Exercise: In the listing below, find each line with the string "closure" and report it.

Records for the exercise:
╔══
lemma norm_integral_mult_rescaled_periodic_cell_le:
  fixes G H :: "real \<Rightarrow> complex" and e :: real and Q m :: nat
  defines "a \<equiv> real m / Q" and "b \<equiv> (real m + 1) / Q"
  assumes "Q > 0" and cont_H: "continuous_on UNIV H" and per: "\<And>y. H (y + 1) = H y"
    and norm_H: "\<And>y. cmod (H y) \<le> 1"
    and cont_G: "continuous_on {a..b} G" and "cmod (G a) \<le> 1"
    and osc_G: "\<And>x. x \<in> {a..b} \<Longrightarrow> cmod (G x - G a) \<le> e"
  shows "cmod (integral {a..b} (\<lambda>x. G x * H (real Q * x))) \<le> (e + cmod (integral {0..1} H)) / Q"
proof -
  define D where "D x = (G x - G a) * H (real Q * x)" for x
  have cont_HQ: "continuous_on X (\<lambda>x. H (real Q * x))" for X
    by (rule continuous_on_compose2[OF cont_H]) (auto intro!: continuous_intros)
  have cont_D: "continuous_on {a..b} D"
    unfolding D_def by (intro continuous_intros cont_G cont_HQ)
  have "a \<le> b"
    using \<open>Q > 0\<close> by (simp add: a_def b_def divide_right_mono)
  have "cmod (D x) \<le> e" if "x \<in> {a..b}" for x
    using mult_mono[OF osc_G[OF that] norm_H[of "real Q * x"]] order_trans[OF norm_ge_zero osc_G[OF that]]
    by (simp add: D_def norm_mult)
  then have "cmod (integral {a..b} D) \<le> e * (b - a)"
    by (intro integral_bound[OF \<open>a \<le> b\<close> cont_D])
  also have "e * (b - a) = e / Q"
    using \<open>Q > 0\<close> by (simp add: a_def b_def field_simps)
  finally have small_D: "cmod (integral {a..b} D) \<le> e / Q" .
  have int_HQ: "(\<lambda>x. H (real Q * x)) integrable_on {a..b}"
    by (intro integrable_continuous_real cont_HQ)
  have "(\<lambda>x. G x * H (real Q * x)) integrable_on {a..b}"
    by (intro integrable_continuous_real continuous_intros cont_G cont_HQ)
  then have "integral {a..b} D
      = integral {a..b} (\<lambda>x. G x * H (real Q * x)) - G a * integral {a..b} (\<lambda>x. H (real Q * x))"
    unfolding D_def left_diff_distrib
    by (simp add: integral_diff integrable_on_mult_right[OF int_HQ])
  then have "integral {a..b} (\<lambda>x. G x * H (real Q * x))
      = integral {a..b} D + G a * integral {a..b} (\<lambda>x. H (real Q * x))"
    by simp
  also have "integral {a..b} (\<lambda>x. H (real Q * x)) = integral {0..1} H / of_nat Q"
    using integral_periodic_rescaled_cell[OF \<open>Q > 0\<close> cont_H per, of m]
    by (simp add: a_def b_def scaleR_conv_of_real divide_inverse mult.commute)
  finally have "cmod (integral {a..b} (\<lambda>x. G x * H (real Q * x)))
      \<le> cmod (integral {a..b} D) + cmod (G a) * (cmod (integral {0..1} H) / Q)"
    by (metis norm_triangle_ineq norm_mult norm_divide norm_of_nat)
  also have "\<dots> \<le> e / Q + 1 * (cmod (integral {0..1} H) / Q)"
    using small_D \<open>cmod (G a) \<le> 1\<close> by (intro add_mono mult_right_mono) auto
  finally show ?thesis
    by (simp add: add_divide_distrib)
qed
╚══
╔══
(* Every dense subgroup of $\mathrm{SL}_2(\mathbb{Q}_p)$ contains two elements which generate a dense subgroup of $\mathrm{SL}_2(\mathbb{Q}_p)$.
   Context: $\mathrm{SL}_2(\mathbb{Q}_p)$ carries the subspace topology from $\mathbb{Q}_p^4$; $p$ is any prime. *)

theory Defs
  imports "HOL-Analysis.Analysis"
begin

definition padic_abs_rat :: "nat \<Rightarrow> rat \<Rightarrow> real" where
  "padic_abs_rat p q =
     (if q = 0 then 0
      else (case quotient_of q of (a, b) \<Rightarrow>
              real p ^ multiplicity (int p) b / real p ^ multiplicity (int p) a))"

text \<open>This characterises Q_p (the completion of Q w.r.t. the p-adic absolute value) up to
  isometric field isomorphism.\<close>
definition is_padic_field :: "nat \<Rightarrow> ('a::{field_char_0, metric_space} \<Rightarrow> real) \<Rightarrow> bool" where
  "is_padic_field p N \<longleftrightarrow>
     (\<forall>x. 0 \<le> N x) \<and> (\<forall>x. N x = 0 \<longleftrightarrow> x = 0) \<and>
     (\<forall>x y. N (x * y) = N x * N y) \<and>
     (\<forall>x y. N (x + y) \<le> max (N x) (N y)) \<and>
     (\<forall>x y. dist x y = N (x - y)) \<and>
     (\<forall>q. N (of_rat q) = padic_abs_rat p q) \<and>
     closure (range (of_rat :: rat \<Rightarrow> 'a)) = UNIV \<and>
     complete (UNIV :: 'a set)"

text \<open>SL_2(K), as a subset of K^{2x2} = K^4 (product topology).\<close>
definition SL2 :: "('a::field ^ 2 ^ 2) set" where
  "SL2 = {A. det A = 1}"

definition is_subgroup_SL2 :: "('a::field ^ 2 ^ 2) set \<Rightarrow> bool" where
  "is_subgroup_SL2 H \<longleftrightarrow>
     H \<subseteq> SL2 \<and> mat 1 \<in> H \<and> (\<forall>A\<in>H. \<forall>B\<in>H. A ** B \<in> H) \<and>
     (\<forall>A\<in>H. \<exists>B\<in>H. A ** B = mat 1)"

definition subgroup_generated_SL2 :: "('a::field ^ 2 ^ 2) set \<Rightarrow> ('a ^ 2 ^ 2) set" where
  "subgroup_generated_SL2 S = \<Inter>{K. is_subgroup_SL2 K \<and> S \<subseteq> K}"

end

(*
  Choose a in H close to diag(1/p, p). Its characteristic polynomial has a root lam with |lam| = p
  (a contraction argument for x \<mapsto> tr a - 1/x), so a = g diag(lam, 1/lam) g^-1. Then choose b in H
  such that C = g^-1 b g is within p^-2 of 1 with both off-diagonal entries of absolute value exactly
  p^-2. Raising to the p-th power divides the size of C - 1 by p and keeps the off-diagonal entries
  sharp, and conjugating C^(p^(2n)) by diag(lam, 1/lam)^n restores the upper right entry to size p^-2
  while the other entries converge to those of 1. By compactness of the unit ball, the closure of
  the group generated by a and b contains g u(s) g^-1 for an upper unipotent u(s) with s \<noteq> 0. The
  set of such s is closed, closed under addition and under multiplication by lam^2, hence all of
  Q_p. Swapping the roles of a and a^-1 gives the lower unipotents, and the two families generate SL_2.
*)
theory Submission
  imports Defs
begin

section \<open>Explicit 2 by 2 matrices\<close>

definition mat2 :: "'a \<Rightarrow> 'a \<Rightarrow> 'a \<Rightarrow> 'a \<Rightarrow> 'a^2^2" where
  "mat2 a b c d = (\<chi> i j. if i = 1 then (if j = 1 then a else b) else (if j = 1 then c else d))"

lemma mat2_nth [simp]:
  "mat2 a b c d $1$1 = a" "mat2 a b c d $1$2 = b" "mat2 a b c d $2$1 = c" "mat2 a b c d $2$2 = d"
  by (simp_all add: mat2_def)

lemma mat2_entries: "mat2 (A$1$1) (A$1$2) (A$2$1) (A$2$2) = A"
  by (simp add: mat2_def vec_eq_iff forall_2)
╚══
Task response:
     closure (range (of_rat :: rat \<Rightarrow> 'a)) = UNIV \<and>
  while the other entries converge to those of 1. By compactness of the unit ball, the closure of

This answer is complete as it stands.